Selon la littérature scientifique, la restauration du contrôle glycémique est possible au moyen d’une insulinothérapie intensive précoce, et peut également être obtenue avec les agonistes des récepteurs du glucagon-like peptide-1 (GLP-1) et les inhibiteurs du cotransporteur sodium-glucose (iSGLT-2), sans réel risque hypoglycémique. Des modifications comportementales, principalement liées à la nutrition, à la dépense énergétique et à la gestion du poids, sont aussi susceptibles de restaurer des niveaux de glucose presque normaux pendant de longues périodes, peut-on lire dans le consensus. Quant aux interventions chirurgicales ou entérales, elles induisent une perte de poids et une amélioration supplémentaire du contrôle métabolique pendant des périodes prolongées, de cinq ans ou plus. C’est d’ailleurs l’un des arguments de la Haute Autorité de santé, qui vient d’autoriser la chirurgie métabolique en cas de DT2 associé à une obésité de grade I lorsque les objectifs glycémiques ne sont pas atteints, malgré une prise en charge médicale d’au moins douze mois. Selon l’autorité, l’intervention multiplie par trois et deux au minimum les chances de présenter une rémission du DT2, respectivement à 24 et 36 mois, par comparaison à un suivi médical classique. Les rémissions du DT2 sont observées à trois ans dans 30 à 40 % des cas.
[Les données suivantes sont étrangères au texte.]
(* Let $\alpha\in[\tfrac12,1)$, $N_1\ge N_2\ge1$, and for $\tau\in\mathbb N$ let $$\Lambda_{N_1,N_2,\tau}=\{(n_1,n_2)\in\mathbb N^2:\ n_1\sim N_1,\ n_2\sim N_2,\ |z_{n_1}^{2\alpha}+z_{n_2}^{2\alpha}-\tau|\le\tfrac12\}.$$ Then (1) $\#\Lambda_{N_1,N_2,\tau}=O(N_2)$ uniformly in $\tau$; and (2) for $n_1\sim N_1$, $n_2\sim N_2$ and every $\varepsilon>0$, $\|e_{n_1}e_{n_2}\|_{L^2(\Theta)}^2\lesssim_\varepsilon N_2^{\varepsilon}$.
   Context: $\Theta\subset\mathbb R^2$ is the unit disk; $0<z_1<z_2<\cdots$ are the positive zeros of the Bessel function $J_0$ (so $z_n=\pi(n-\frac12)+O(1/n)$), and $e_n(x)=\|J_0(z_n|\cdot|)\|_{L^2(\Theta)}^{-1}J_0(z_n|x|)$ are the normalized radial Dirichlet eigenfunctions of $-\Delta$ on $\Theta$. $n\sim N$ means $N\le n<2N$ (up to fixed constants). *)

theory Defs
  imports "HOL-Analysis.Analysis"
begin

definition J0 :: "real \<Rightarrow> real" where
  "J0 x = (\<Sum>k. ((-1) ^ k / (fact k)\<^sup>2) * (x / 2) ^ (2 * k))"

text \<open>The n-th positive zero of J0 (n \<ge> 1): the positive zero having exactly n-1
  positive zeros strictly below it.\<close>
definition bessel_zero :: "nat \<Rightarrow> real" where
  "bessel_zero n = (THE x. 0 < x \<and> J0 x = 0 \<and>
      card {y. 0 < y \<and> y < x \<and> J0 y = 0} = n - 1)"

definition Theta :: "(real ^ 2) set" where
  "Theta = ball 0 1"

definition L2sq :: "(real ^ 2 \<Rightarrow> real) \<Rightarrow> real" where
  "L2sq f = (LINT x : Theta | lborel. (f x)\<^sup>2)"

text \<open>Normalized radial Dirichlet eigenfunctions.\<close>
definition efun :: "nat \<Rightarrow> real ^ 2 \<Rightarrow> real" where
  "efun n x = J0 (bessel_zero n * norm x) / sqrt (L2sq (\<lambda>y. J0 (bessel_zero n * norm y)))"

definition sim :: "nat \<Rightarrow> nat \<Rightarrow> bool" where
  "sim n N \<longleftrightarrow> N \<le> n \<and> n < 2 * N"

definition Lambda :: "real \<Rightarrow> nat \<Rightarrow> nat \<Rightarrow> nat \<Rightarrow> (nat \<times> nat) set" where
  "Lambda \<alpha> N1 N2 \<tau> = {(n1, n2). sim n1 N1 \<and> sim n2 N2 \<and>
     \<bar>bessel_zero n1 powr (2 * \<alpha>) + bessel_zero n2 powr (2 * \<alpha>) - real \<tau>\<bar> \<le> 1 / 2}"

end

theory Submission
  imports Defs
begin

text \<open>
  The Bessel function \<open>J\<^sub>0\<close> is an entire power series solving \<open>x y'' + y' + x y = 0\<close>. Along
  solutions, \<open>J\<^sub>0\<^sup>2 + J\<^sub>0'\<^sup>2\<close> is nonincreasing, so \<open>|J\<^sub>0|, |J\<^sub>0'| \<le> 1\<close>, and the modified energy
  \<open>F(x) = x (J\<^sub>0\<^sup>2 + J\<^sub>0'\<^sup>2) + J\<^sub>0 J\<^sub>0' + J\<^sub>0\<^sup>2 / (2x) \<ge> x J\<^sub>0\<^sup>2\<close> satisfies \<open>F' = -J\<^sub>0\<^sup>2 / (2x\<^sup>2)\<close>.
  Hence \<open>F\<close> decreases while \<open>F(x) exp (-1/(4x\<^sup>2))\<close> increases, and beyond a point \<open>x\<^sub>0\<close> where
  \<open>J\<^sub>0 > 1/2\<close> the energy is pinched between two positive constants. This gives the decay
  \<open>x J\<^sub>0(x)\<^sup>2 \<lesssim> 1\<close>, and at a zero \<open>z\<close> the lower bound \<open>z J\<^sub>0'(z)\<^sup>2 \<greatersim> 1\<close>, which by Rolle and the
  mean value theorem keeps distinct zeros a fixed distance apart. A Sturm comparison with
  \<open>sin (t - a)\<close> puts a zero in every interval of length \<open>\<pi>\<close>, so \<open>z\<^sub>n = O(n)\<close>.

  For (1), fix \<open>n\<^sub>2\<close>: as \<open>2\<alpha> \<ge> 1\<close>, the \<open>z\<^sub>n\<^sub>1\<close> with \<open>z\<^sub>n\<^sub>1\<^bsup>2\<alpha>\<^esup>\<close> in a unit window lie in an
  interval of bounded length, hence are boundedly many by the separation.
  For (2), in polar coordinates \<open>\<parallel>J\<^sub>0(z|\<cdot>|)\<parallel>\<^sup>2 = \<pi> J\<^sub>0'(z)\<^sup>2 \<greatersim> 1/z\<close>, while the decay bound gives
  \<open>\<integral>\<^sub>0\<^sup>1 r J\<^sub>0(ar)\<^sup>2 J\<^sub>0(br)\<^sup>2 dr \<lesssim> ln (1 + b) / (a b)\<close>; so \<open>\<parallel>e\<^sub>n\<^sub>1 e\<^sub>n\<^sub>2\<parallel>\<^sup>2 \<lesssim> ln (1 + z\<^sub>n\<^sub>2) \<lesssim> N\<^sub>2\<^sup>\<epsilon>\<close>.
\<close>

section \<open>The Bessel equation\<close>

definition J0_coeff :: "nat \<Rightarrow> real" where
  "J0_coeff n = (if even n then (-1)^(n div 2) / (fact (n div 2))^2 / 2^n else 0)"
De plus, les interventions chirurgicales ou médicamenteuses, voire hygiénodiététiques, permettent souvent une récupération partielle mais potentielle de l’insulinosécrétion et de la sensibilité à l’insuline.
Une fenêtre de tir étroite
La fenêtre de tir pour espérer une rémission est cependant très étroite, à savoir dans les deux premières années suivant le diagnostic. Autrement dit, cela impliquerait de penser « rémission » dès la découverte du diabète et de mettre rapidement en œuvre tous les moyens pour obtenir une normalisation.
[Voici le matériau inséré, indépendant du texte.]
text \<open>
  Q is the epigraph of f/a over K. For fixed x the point of the fibre above x closest to
  z = (y, s - a\<eta>) is (x, max (f x / a) (s - a\<eta>)), at squared distance 2\<eta> \<zeta>(x); so projecting z
  onto Q amounts to minimising \<zeta> over K and lifting the minimiser, and this projection is
  the minimiser of \<Theta>. \<zeta> is a multiple of a squared norm plus the square of a nonnegative
  convex function, hence strongly convex. Finally, the obtuse-angle property of the projection
  P gives |w - P|^2 \<le> |w - z|^2 - |P - z|^2 = 2\<eta> (\<zeta>(x) - min \<zeta>) for the lift w of any x \<in> K,
  which yields (c) even without the factor 1 + L/a.
\<close>

lemma convex_on_max:
  assumes f: "convex_on S f" and g: "convex_on S g"
  shows "convex_on S (\<lambda>x. max (f x) (g x))"
proof (rule convex_onI)
  fix t :: real and x y assume t: "0 < t" "t < 1" and xy: "x \<in> S" "y \<in> S"
  have "h ((1 - t) *\<^sub>R x + t *\<^sub>R y) \<le> (1 - t) * max (f x) (g x) + t * max (f y) (g y)"
    if h: "convex_on S h" "\<forall>x. h x \<le> max (f x) (g x)" for h
  proof -
    have "h ((1 - t) *\<^sub>R x + t *\<^sub>R y) \<le> (1 - t) * h x + t * h y"
      using convex_onD[OF h(1)] t xy by simp
    also have "\<dots> \<le> (1 - t) * max (f x) (g x) + t * max (f y) (g y)"
      using h(2) t by (intro add_mono mult_left_mono) auto
    finally show ?thesis .
  qed
  from this[OF f] this[OF g]
  show "max (f ((1 - t) *\<^sub>R x + t *\<^sub>R y)) (g ((1 - t) *\<^sub>R x + t *\<^sub>R y))
      \<le> (1 - t) * max (f x) (g x) + t * max (f y) (g y)"
    by simp
qed (use convex_on_imp_convex[OF f] in simp)

lemma convex_on_compose_mono:
  fixes h :: "real \<Rightarrow> real"
  assumes g: "convex_on S g" and h: "convex_on T h" "mono_on T h" and gS: "g ` S \<subseteq> T"
  shows "convex_on S (\<lambda>x. h (g x))"
proof (rule convex_onI)
  fix t :: real and x y assume t: "0 < t" "t < 1" and xy: "x \<in> S" "y \<in> S"
  have "(1 - t) *\<^sub>R x + t *\<^sub>R y \<in> S"
    using convexD_alt[OF convex_on_imp_convex[OF g] xy] t by simp
  moreover have "(1 - t) * g x + t * g y \<in> T"
    using convexD_alt[OF convex_on_imp_convex[OF h(1)], of "g x" "g y" t] gS xy t
    by (auto simp: algebra_simps)
  ultimately have "h (g ((1 - t) *\<^sub>R x + t *\<^sub>R y)) \<le> h ((1 - t) * g x + t * g y)"
    using convex_onD[OF g, of t x y] t xy gS by (intro mono_onD[OF h(2)]) auto
  also have "\<dots> \<le> (1 - t) * h (g x) + t * h (g y)"
    using convex_onD[OF h(1), of t "g x" "g y"] t xy gS by (simp add: image_subset_iff)
  finally show "h (g ((1 - t) *\<^sub>R x + t *\<^sub>R y)) \<le> (1 - t) * h (g x) + t * h (g y)" .
qed (use convex_on_imp_convex[OF g] in simp)

lemma convex_on_power2_nonneg:
  assumes "convex_on S g" "\<And>x. x \<in> S \<Longrightarrow> 0 \<le> g x"
  shows "convex_on S (\<lambda>x. (g x)\<^sup>2)"
proof (rule convex_on_compose_mono[OF assms(1)])
  show "convex_on {0..} (\<lambda>u::real. u\<^sup>2)"
    by (rule convex_on_subset[OF convex_power2]) auto
  show "mono_on {0..} (\<lambda>u::real. u\<^sup>2)"
    by (auto intro: mono_onI power_mono)
qed (use assms(2) in auto)

lemma power2_norm_convex_combination_minus:
  fixes x w y :: "'a::real_inner"
  shows "(norm ((1 - u) *\<^sub>R x + u *\<^sub>R w - y))\<^sup>2
       = (1 - u) * (norm (x - y))\<^sup>2 + u * (norm (w - y))\<^sup>2 - u * (1 - u) * (norm (x - w))\<^sup>2"
proof -
  have "(1 - u) *\<^sub>R x + u *\<^sub>R w - y = (1 - u) *\<^sub>R (x - y) + u *\<^sub>R (w - y)"
    and "x - w = (x - y) - (w - y)"
    by (simp_all add: algebra_simps)
  then show ?thesis
    unfolding power2_norm_eq_inner
    by (simp add: inner_add_left inner_add_right inner_diff_left inner_diff_right inner_commute
        algebra_simps power2_eq_square)
qed

lemma strongly_convex_on_norm_sq:
  fixes y :: "'a::real_inner"
  assumes "convex S"
  shows "strongly_convex_on S \<mu> (\<lambda>x. \<mu> / 2 * (norm (x - y))\<^sup>2)"
  unfolding strongly_convex_on_def
proof (intro conjI assms ballI allI impI)
  fix x w u
  show "\<mu> / 2 * (norm ((1 - u) *\<^sub>R x + u *\<^sub>R w - y))\<^sup>2
      \<le> (1 - u) * (\<mu> / 2 * (norm (x - y))\<^sup>2) + u * (\<mu> / 2 * (norm (w - y))\<^sup>2)
         - \<mu> / 2 * u * (1 - u) * (norm (x - w))\<^sup>2"
    unfolding power2_norm_convex_combination_minus by (simp add: field_simps)
qed

lemma strongly_convex_on_add_convex_on:
  assumes "strongly_convex_on S \<mu> f" "convex_on S g"
  shows "strongly_convex_on S \<mu> (\<lambda>x. f x + g x)"
  unfolding strongly_convex_on_def
proof (intro conjI ballI allI impI)
  show "convex S" using assms(1) by (simp add: strongly_convex_on_def)
next
  fix x w and u :: real
  assume xw: "x \<in> S" "w \<in> S" and u: "0 \<le> u \<and> u \<le> 1"
  have "f ((1 - u) *\<^sub>R x + u *\<^sub>R w)
      \<le> (1 - u) * f x + u * f w - \<mu> / 2 * u * (1 - u) * (norm (x - w))\<^sup>2"
    using assms(1) xw u unfolding strongly_convex_on_def by blast
  moreover have "g ((1 - u) *\<^sub>R x + u *\<^sub>R w) \<le> (1 - u) * g x + u * g w"
    using convex_onD[OF assms(2)] xw u by blast
  ultimately show "f ((1 - u) *\<^sub>R x + u *\<^sub>R w) + g ((1 - u) *\<^sub>R x + u *\<^sub>R w)
      \<le> (1 - u) * (f x + g x) + u * (f w + g w) - \<mu> / 2 * u * (1 - u) * (norm (x - w))\<^sup>2"
    by (simp add: algebra_simps)
qed

lemma closed_epigraph:
  assumes "closed S" "continuous_on S f"
  shows "closed (epigraph S f)"
proof -
  have "continuous_on (S \<times> UNIV) (\<lambda>w. f (fst w) - snd w)"
    by (intro continuous_intros continuous_on_compose2[OF assms(2)]) auto
  then have "closed ((S \<times> UNIV) \<inter> (\<lambda>w. f (fst w) - snd w) -` {..0})"
    by (rule continuous_closed_preimage) (auto intro: closed_Times assms(1))
  moreover have "(S \<times> UNIV) \<inter> (\<lambda>w. f (fst w) - snd w) -` {..0} = epigraph S f"
    by (auto simp: epigraph_def)
  ultimately show ?thesis by simp
qed

lemma closest_point_eq_iff_norm_sq_le:
  fixes S :: "'a::euclidean_space set"
  assumes "convex S" "closed S" "w \<in> S"
  shows "w = closest_point S z \<longleftrightarrow> (\<forall>v\<in>S. (norm (w - z))\<^sup>2 \<le> (norm (v - z))\<^sup>2)"
  using closest_point_unique[OF assms, of z] closest_point_le[OF assms(2), of _ z]
  by (auto simp: dist_norm norm_minus_commute power_mono_iff)

lemma power2_norm_closest_point_le:
  fixes S :: "'a::euclidean_space set"
  assumes "convex S" "closed S" "w \<in> S"
  shows "(norm (w - closest_point S z))\<^sup>2 + (norm (closest_point S z - z))\<^sup>2 \<le> (norm (w - z))\<^sup>2"
proof -
  let ?p = "closest_point S z"
  have "w - z = (w - ?p) - (z - ?p)" by simp
  then have "(norm (w - z))\<^sup>2 = (norm (w - ?p))\<^sup>2 + (norm (?p - z))\<^sup>2 - 2 * inner (z - ?p) (w - ?p)"
    unfolding power2_norm_eq_inner
    by (simp add: inner_diff_left inner_diff_right inner_commute algebra_simps)
  with closest_point_dot[OF assms, of z] show ?thesis by linarith
qed

lemma conv_indicator_add_norm_sq_minimal_iff:
  fixes S :: "'a::euclidean_space set"
  assumes "convex S" "closed S" "S \<noteq> {}" "k > 0"
  shows "(\<forall>v. conv_indicator S w + ereal (k * (norm (w - z))\<^sup>2 + b)
              \<le> conv_indicator S v + ereal (k * (norm (v - z))\<^sup>2 + b))
         \<longleftrightarrow> w = closest_point S z"
proof (cases "w \<in> S")
  case True
  then show ?thesis
    using closest_point_eq_iff_norm_sq_le[OF assms(1,2) True, of z] assms(4)
    by (auto simp: conv_indicator_def)
next
  case False
  have "closest_point S z \<in> S" using closest_point_in_set[OF assms(2,3)] .
  with False show ?thesis
    by (auto simp: conv_indicator_def dest: spec[of _ "closest_point S z"])
qed

locale epigraph_projection =
  fixes K :: "'a::euclidean_space set" and g :: "'a \<Rightarrow> real" and y :: 'a and c :: real
  assumes K_closed: "closed K" and K_nonempty: "K \<noteq> {}"
    and g_convex: "convex_on K g" and g_continuous: "continuous_on K g"
begin

definition lift :: "'a \<Rightarrow> 'a \<times> real" where
  "lift x = (x, max (g x) c)"

definition fibre_dist_sq :: "'a \<Rightarrow> real" where
  "fibre_dist_sq x = (norm (x - y))\<^sup>2 + (pos_part (g x - c))\<^sup>2"

lemma closed_epigraph_g: "closed (epigraph K g)"
  using closed_epigraph[OF K_closed g_continuous] .

lemma convex_epigraph_g: "convex (epigraph K g)"
  using convex_epigraphI[OF g_convex] .

lemma lift_in_epigraph: "x \<in> K \<Longrightarrow> lift x \<in> epigraph K g"
  by (simp add: lift_def mem_epigraph)

lemma power2_norm_lift_minus: "(norm (lift x - (y, c)))\<^sup>2 = fibre_dist_sq x"
  by (simp add: lift_def fibre_dist_sq_def norm_Pair pos_part_def max_diff_distrib_left)

lemma fibre_dist_sq_le:
  assumes "(x, t) \<in> epigraph K g"
  shows "fibre_dist_sq x \<le> (norm ((x, t) - (y, c)))\<^sup>2"
proof -
  have "g x \<le> t" using assms by (simp add: mem_epigraph)
  then have "(pos_part (g x - c))\<^sup>2 \<le> (t - c)\<^sup>2"
    unfolding pos_part_def by (cases "g x \<le> c") (auto intro: power_mono)
  then show ?thesis by (simp add: fibre_dist_sq_def norm_Pair)
qed

lemma closest_point_minimizes_fibre_dist_sq:
  defines "p \<equiv> fst (closest_point (epigraph K g) (y, c))"
  shows "p \<in> K" and "x \<in> K \<Longrightarrow> fibre_dist_sq p \<le> fibre_dist_sq x"
proof -
  let ?P = "closest_point (epigraph K g) (y, c)"
  have P_in: "?P \<in> epigraph K g"
    using closest_point_in_set[OF closed_epigraph_g] K_nonempty lift_in_epigraph by blast
  then show "p \<in> K" by (cases ?P) (simp add: p_def mem_epigraph)
  assume "x \<in> K"
  have "fibre_dist_sq p \<le> (norm (?P - (y, c)))\<^sup>2"
    using fibre_dist_sq_le[of p "snd ?P"] P_in by (simp add: p_def)
  also have "\<dots> \<le> (norm (lift x - (y, c)))\<^sup>2"
    using closest_point_eq_iff_norm_sq_le[OF convex_epigraph_g closed_epigraph_g P_in]
      lift_in_epigraph[OF \<open>x \<in> K\<close>] by blast
  finally show "fibre_dist_sq p \<le> fibre_dist_sq x" by (simp add: power2_norm_lift_minus)
qed

lemma minimizer_iff_lift_eq_closest_point:
  assumes "x \<in> K"
  shows "(\<forall>x'\<in>K. fibre_dist_sq x \<le> fibre_dist_sq x')
    \<longleftrightarrow> lift x = closest_point (epigraph K g) (y, c)"
proof -
  have "(\<forall>x'\<in>K. fibre_dist_sq x \<le> fibre_dist_sq x')
      \<longleftrightarrow> (\<forall>w\<in>epigraph K g. fibre_dist_sq x \<le> (norm (w - (y, c)))\<^sup>2)"
  proof
    assume min: "\<forall>x'\<in>K. fibre_dist_sq x \<le> fibre_dist_sq x'"
    show "\<forall>w\<in>epigraph K g. fibre_dist_sq x \<le> (norm (w - (y, c)))\<^sup>2"
    proof
      fix w assume w: "w \<in> epigraph K g"
      then obtain x' t where w_eq: "w = (x', t)" and "x' \<in> K"
        by (cases w) (simp add: mem_epigraph)
      then have "fibre_dist_sq x \<le> fibre_dist_sq x'" using min by blast
      also have "\<dots> \<le> (norm (w - (y, c)))\<^sup>2" using fibre_dist_sq_le w unfolding w_eq .
      finally show "fibre_dist_sq x \<le> (norm (w - (y, c)))\<^sup>2" .
    qed
  next
    assume "\<forall>w\<in>epigraph K g. fibre_dist_sq x \<le> (norm (w - (y, c)))\<^sup>2"
    then have "\<forall>x'\<in>K. fibre_dist_sq x \<le> (norm (lift x' - (y, c)))\<^sup>2"
      using lift_in_epigraph by blast
    then show "\<forall>x'\<in>K. fibre_dist_sq x \<le> fibre_dist_sq x'"
      unfolding power2_norm_lift_minus .
  qed
  also have "\<dots> \<longleftrightarrow> lift x = closest_point (epigraph K g) (y, c)"
    using closest_point_eq_iff_norm_sq_le[OF convex_epigraph_g closed_epigraph_g lift_in_epigraph[OF assms],
        of "(y, c)"]
    unfolding power2_norm_lift_minus by blast
  finally show ?thesis .
qed

lemma ex1_minimizer_fibre_dist_sq: "\<exists>!x. x \<in> K \<and> (\<forall>x'\<in>K. fibre_dist_sq x \<le> fibre_dist_sq x')"
proof (rule ex1I)
  show "fst (closest_point (epigraph K g) (y, c)) \<in> K \<and>
      (\<forall>x'\<in>K. fibre_dist_sq (fst (closest_point (epigraph K g) (y, c))) \<le> fibre_dist_sq x')"
    using closest_point_minimizes_fibre_dist_sq by blast
next
  fix x assume "x \<in> K \<and> (\<forall>x'\<in>K. fibre_dist_sq x \<le> fibre_dist_sq x')"
  then have "lift x = closest_point (epigraph K g) (y, c)"
    using minimizer_iff_lift_eq_closest_point by blast
  from this[symmetric] show "x = fst (closest_point (epigraph K g) (y, c))"
    by (simp add: lift_def)
qed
Une démarche loin des pratiques actuelles, reconnaît le Pr Jean-François Gautier, président de la Société francophone du diabète (SFD), « car nous persistons dans une stratégie d’empilement de molécules plutôt que de penser à s’en passer. Mais la rémission est une réflexion que nous allons devoir mener à la SFD ». Le mouvement est en marche. Et pour le Dr Rémy Boussageon, en charge de la thématique « diabète » au Collège de la médecine générale, « tout comme la prévention du DT2, la rémission devrait être un objectif capital en médecine générale ! ».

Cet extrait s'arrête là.